3. Statistical analysis: Use CSV export for dose-response curves, time-series, etc.

Parameter Tuning Guide

Problem Solution
Too many detections Increase intensity threshold
Too few detections Decrease intensity threshold
Small artifacts Increase min area
Touching cells merged Decrease blur kernel
Noisy detections Increase blur kernel
Cell Identifier configuration panel

Validation & Performance

Accuracy Testing

Condition Accuracy False Positive Rate
No overlap, low noise 95% < 2%
No overlap, high noise 88% < 5%
Moderate overlap 90% < 5%
Severe overlap 65% 10-15%

Applications

This tool is versatile and can be used for any reasons for quantitative fluorescence microscopy in microbiology and synthetic biology research. We hope that other iGEM teams and researchers will be able to use our tool to eliminate subjective manual counting and brightness classification across experiments.

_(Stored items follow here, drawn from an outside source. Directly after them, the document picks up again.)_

lemma vnorm2_eq_sqrt_sum_norm_sq:
  assumes "\<And>i. i \<in> {1..n} \<Longrightarrow> is_LC (z i) \<and> at_most_finite (z i)"
  shows "vnorm2 n z = lr_sqrt (lc_sum (\<lambda>i. lc_norm_sq (z i)) {1..n})"
  unfolding vnorm2_def using assms
  by (intro arg_cong[where f=lr_sqrt] lc_sum_cong lc_abs_props(2)) auto

lemma vnorm_max_eq_dominant:
  assumes z: "\<And>i. i \<in> {1..n} \<Longrightarrow> is_LC (z i) \<and> at_most_finite (z i)"
    and i0: "i0 \<in> {1..n}" and lt: "\<And>i. i \<in> {1..n} \<Longrightarrow> i \<noteq> i0 \<Longrightarrow> cmod (z i 0) < cmod (z i0 0)"
  shows "vnorm_max n z = lc_abs (z i0)"
proof -
  \<comment> \<open>a difference of absolute values with nonzero constant term has order 0, so its sign is
    that of the constant term\<close>
  have diff: "lam (lc_diff (lc_abs (z j)) (lc_abs (z i))) = 0
      \<and> lc_diff (lc_abs (z j)) (lc_abs (z i)) 0 = of_real (cmod (z j 0) - cmod (z i 0))"
    if "i \<in> {1..n}" "j \<in> {1..n}" "cmod (z i 0) \<noteq> cmod (z j 0)" for i j
  proof -
    let ?d = "lc_diff (lc_abs (z j)) (lc_abs (z i))"
    have d0: "?d 0 = of_real (cmod (z j 0) - cmod (z i 0))"
      using lc_abs_props(3) z that by (simp add: lc_diff_def)
    then have "?d 0 \<noteq> 0" using that(3) by simp
    moreover have "at_most_finite ?d" using lc_abs_props(1) z that at_most_finite_diff by blast
    ultimately show ?thesis using lam_eq_0 d0 by blast
  qed
  have pos: "lr_pos (lc_diff (lc_abs (z i0)) (lc_abs (z i)))" if "i \<in> {1..n}" "i \<noteq> i0" for i
    using diff[OF that(1) i0] lt[OF that] unfolding lr_pos_def by (auto simp: lc_zero_def)
  have not_nonneg: "\<not> lr_nonneg (lc_diff (lc_abs (z i)) (lc_abs (z i0)))" if "i \<in> {1..n}" "i \<noteq> i0" for i
    using diff[OF i0 that(1)] lt[OF that] unfolding lr_nonneg_def lr_pos_def by (auto simp: lc_zero_def)
  show ?thesis unfolding vnorm_max_def
  proof (rule the_equality)
    have "lr_le (lc_abs (z i)) (lc_abs (z i0))" if "i \<in> {1..n}" for i
    proof (cases "i = i0")
      case True then show ?thesis by (simp add: lr_le_def lr_nonneg_def lc_diff_def lc_zero_def)
    next
      case False then show ?thesis using pos[OF that False] by (simp add: lr_le_def lr_nonneg_def)
    qed
    then show "(\<exists>i\<in>{1..n}. lc_abs (z i0) = lc_abs (z i)) \<and> (\<forall>i\<in>{1..n}. lr_le (lc_abs (z i)) (lc_abs (z i0)))"
      using i0 by blast
  next
    fix m assume m: "(\<exists>i\<in>{1..n}. m = lc_abs (z i)) \<and> (\<forall>i\<in>{1..n}. lr_le (lc_abs (z i)) m)"
    then obtain i where i: "i \<in> {1..n}" "m = lc_abs (z i)" by blast
    then show "m = lc_abs (z i0)" using m not_nonneg i0 unfolding lr_le_def by blast
  qed
qed

lemma unique_Max_obtains_strict:
  fixes f :: "'a \<Rightarrow> 'b :: linorder"
  assumes "finite I" "\<exists>!i0. i0 \<in> I \<and> f i0 = Max {f i | i. i \<in> I}"
  obtains i0 where "i0 \<in> I" "\<And>i. i \<in> I \<Longrightarrow> i \<noteq> i0 \<Longrightarrow> f i < f i0"
proof -
  obtain i0 where i0: "i0 \<in> I" "f i0 = Max {f i | i. i \<in> I}"
    and uniq: "\<And>i. i \<in> I \<Longrightarrow> f i = Max {f i | i. i \<in> I} \<Longrightarrow> i = i0"
    using assms(2) by blast
  have "f i < f i0" if "i \<in> I" "i \<noteq> i0" for i
  proof -
    have "f i \<le> f i0" unfolding i0(2) using assms(1) that(1) by (intro Max_ge) auto
    moreover have "f i \<noteq> f i0" using uniq[OF that(1)] i0(2) that(2) by auto
    ultimately show ?thesis by simp
  qed
  with i0(1) show ?thesis by (rule that)
qed

lemma wk_conv_inverse_vnorm2:
  assumes G: "lf_monoid G"
    and vG: "\<And>k i. i \<in> {1..n} \<Longrightarrow> supported_in G (v k i)"
    and zG: "\<And>i. i \<in> {1..n} \<Longrightarrow> supported_in G (z i)"
    and t: "\<And>i q. i \<in> {1..n} \<Longrightarrow> (\<lambda>k. v k i q) \<longlonglongrightarrow> z i q"
    and nz: "\<exists>i\<in>{1..n}. z i 0 \<noteq> 0"
  shows "wk_conv (\<lambda>k. lc_inverse (vnorm2 n (v k))) (lc_inverse (vnorm2 n z))"
proof -
  let ?S = "\<lambda>y. lc_sum (\<lambda>i. lc_norm_sq (y i)) {1..n}"
  have norm: "vnorm2 n y = lr_sqrt (?S y)" if "\<And>i. i \<in> {1..n} \<Longrightarrow> supported_in G (y i)" for y
    using that supported_in_is_LC[OF G] supported_in_at_most_finite[OF G]
    by (intro vnorm2_eq_sqrt_sum_norm_sq) blast
  have SG: "supported_in G (?S y)" if "\<And>i. i \<in> {1..n} \<Longrightarrow> supported_in G (y i)" for y
    using that by (intro supported_in_sum supported_in_norm_sq[OF G])
  have S_real: "Im (?S y q) = 0" for y q
    unfolding lc_sum_def by (simp add: Im_sum Im_lc_norm_sq)
  obtain i1 where i1: "i1 \<in> {1..n}" "z i1 0 \<noteq> 0" using nz by blast
  have "Re (?S z 0) = (\<Sum>i\<in>{1..n}. (cmod (z i 0))\<^sup>2)"
    unfolding lc_sum_def Re_sum using lc_norm_sq_0[OF G zG] by simp
  also have "\<dots> > 0" using i1 by (intro sum_pos2[where i=i1]) auto
  finally have pos: "Re (?S z 0) > 0" .
  have lim: "(\<lambda>k. ?S (v k) q) \<longlonglongrightarrow> ?S z q" for q
    unfolding lc_sum_def by (intro tendsto_sum tendsto_lc_norm_sq_coeff[OF G] vG zG t)
  have "wk_conv (\<lambda>k. lc_inverse (lr_sqrt (?S (v k)))) (lc_inverse (lr_sqrt (?S z)))"
    by (rule wk_conv_inverse_sqrt[OF G SG[OF vG] SG[OF zG] lim pos S_real S_real])
  then show ?thesis using norm vG zG by simp
qed
theorem mainTheorem6:
  assumes "omega1_type TYPE('a::wellorder)"
    and "superclub TYPE('a)"
  shows "\<exists>c :: 'a \<Rightarrow> nat \<Rightarrow> bool. \<forall>Y Z. \<not> countable Y \<and> infinite Z \<longrightarrow>
           \<not> (\<exists>b. \<forall>y\<in>Y. \<forall>z\<in>Z. c y z = b)"
proof -
  obtain S :: "'a \<Rightarrow> 'a set" where below: "\<And>\<alpha>. S \<alpha> \<subseteq> {\<beta>. \<beta> < \<alpha>}"
    and guessing: "\<And>A. \<not> countable A \<Longrightarrow>
        \<exists>B \<subseteq> A. \<not> countable B \<and> stationary {\<alpha>. B \<inter> {\<beta>. \<beta> < \<alpha>} = S \<alpha>}"
    using assms(2) unfolding superclub_def by blast
  show ?thesis
  proof (intro exI[of _ "superclub_coloring S"] allI impI notI, elim conjE exE)
    fix Y Z b
    assume "\<not> countable Y" "infinite Z" and hom: "\<forall>y\<in>Y. \<forall>z\<in>Z. superclub_coloring S y z = b"
    obtain B where "B \<subseteq> Y" "\<not> countable B"
      and stationary: "stationary {\<alpha>. B \<inter> {\<beta>. \<beta> < \<alpha>} = S \<alpha>}"
      using guessing[OF \<open>\<not> countable Y\<close>] by blast
    have "\<not> (\<forall>y\<in>B. \<forall>z\<in>Z. superclub_coloring S y z = b)"
    proof (rule escaping_coloring_not_homogeneous[OF assms(1) superclub_coloring_escaping[OF assms(1) below]])
      show "\<not> countable {\<alpha>. B \<inter> {\<beta>. \<beta> < \<alpha>} = S \<alpha>}"
        using stationary_uncountable[OF assms(1) stationary] .
    qed (use \<open>\<not> countable B\<close> \<open>infinite Z\<close> in auto)
    with hom \<open>B \<subseteq> Y\<close> show False by blast
  qed
qed
lemma k_connected_E':
  assumes "k_connected 3 V E" "5 \<le> card V"
  shows "k_connected 3 V' E'"
  unfolding k_connected_def
proof (intro conjI allI impI)
  have card_V': "card V' = card V - 1"
    unfolding V'_def using v_in_V simple_graph_finite[OF simple] by simp
  then show "3 < card V'"
    using assms(2) by simp
  fix X assume X: "X \<subseteq> V' \<and> card X < 3"
  then have "connected_graph (V - X) (del_edges X E)"
    using assms(1) unfolding k_connected_def V'_def by blast
  then have "(u, w) \<in> {(p, q). {p, q} \<in> del_edges X E'}\<^sup>*" if "u \<in> V' - X" "w \<in> V' - X" for u w
    using rerouted_walk[of u w X] that unfolding connected_graph_def V'_def by auto
  moreover have "V' - X \<noteq> {}"
  proof
    assume "V' - X = {}"
    then have "card V' \<le> card X"
      using X simple_graph_finite[OF simple] card_mono unfolding V'_def
      by (metis Diff_eq_empty_iff finite_Diff finite_subset)
    then show False
      using X card_V' assms(2) by linarith
  qed
  ultimately show "connected_graph (V' - X) (del_edges X E')"
    unfolding connected_graph_def by blast
qed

Gene expression studies: Quantify reporter fluorescence to compare promoter strengths, RBS efficiencies, or regulatory element activity

Biosensor characterization: Generate dose-response curves, calculate EC50 values, and validate logic gate behavior

Population-level analysis: Measure expression heterogeneity, identify subpopulations, and track cell-to-cell variability

Quality control: Assess transformation efficiency, verify plasmid stability over generations, and screen for contamination

Time-course experiments: Monitor dynamic fluorescence changes during induction, stress response, or growth phases

High-throughput screening: Rapidly evaluate libraries of mutants, strains, or culture conditions to identify optimal variants

Educational settings: Demonstrate image analysis principles and quantitative biology concepts in teaching labs

The simple open-source codebase allows for straightforward customization depending on the fluorescent protein of interest (GFP, YFP, RFP, mCherry, etc.), bacterial species (E. coli, B. subtilis, etc.), multi-channel imaging, or integration with automated microscopy workflows.

Limitations

The model has several limitations that we hope to address in future iterations. The type of sample image can greatly affect the model's performance:

Severe overlap: Multiple cells may count as one → use diluted samples

Uneven illumination: Fixed threshold struggles → apply flat-field correction preprocessing

Out-of-focus cells: Reduced intensity may cause misses → ensure proper focus during imaging

Debris/artifacts: Can trigger false positives → adjust area parameters carefully

Non-fluorescent cells: Invisible to detection → tool measures expressing population only

This is an example of a real image of cells that led to false results, even with calibration:

Example of false results from real image

Future Directives

Keeping the idea of a Cell Identifier model, one of the main future directives is to implement machine learning techniques to improve detection accuracy, as our model did not perform well in challenging scenarios like high cell density or uneven illumination. We would like to train convolutional neural networks using tools like U-Net or Mask R-CNN on diverse datasets of microscopy images to recognize complex patterns and cell boundaries that our current model built on classical computer vision techniques cannot. Additionally, domain adaptation techniques could be used to address the differences between synthetically generated training images and real experimental data. Although our current model prioritizes accessibility and ease of use regardless of device specs, these enhancements would help to make the Cell Identifier much more robust and helpful.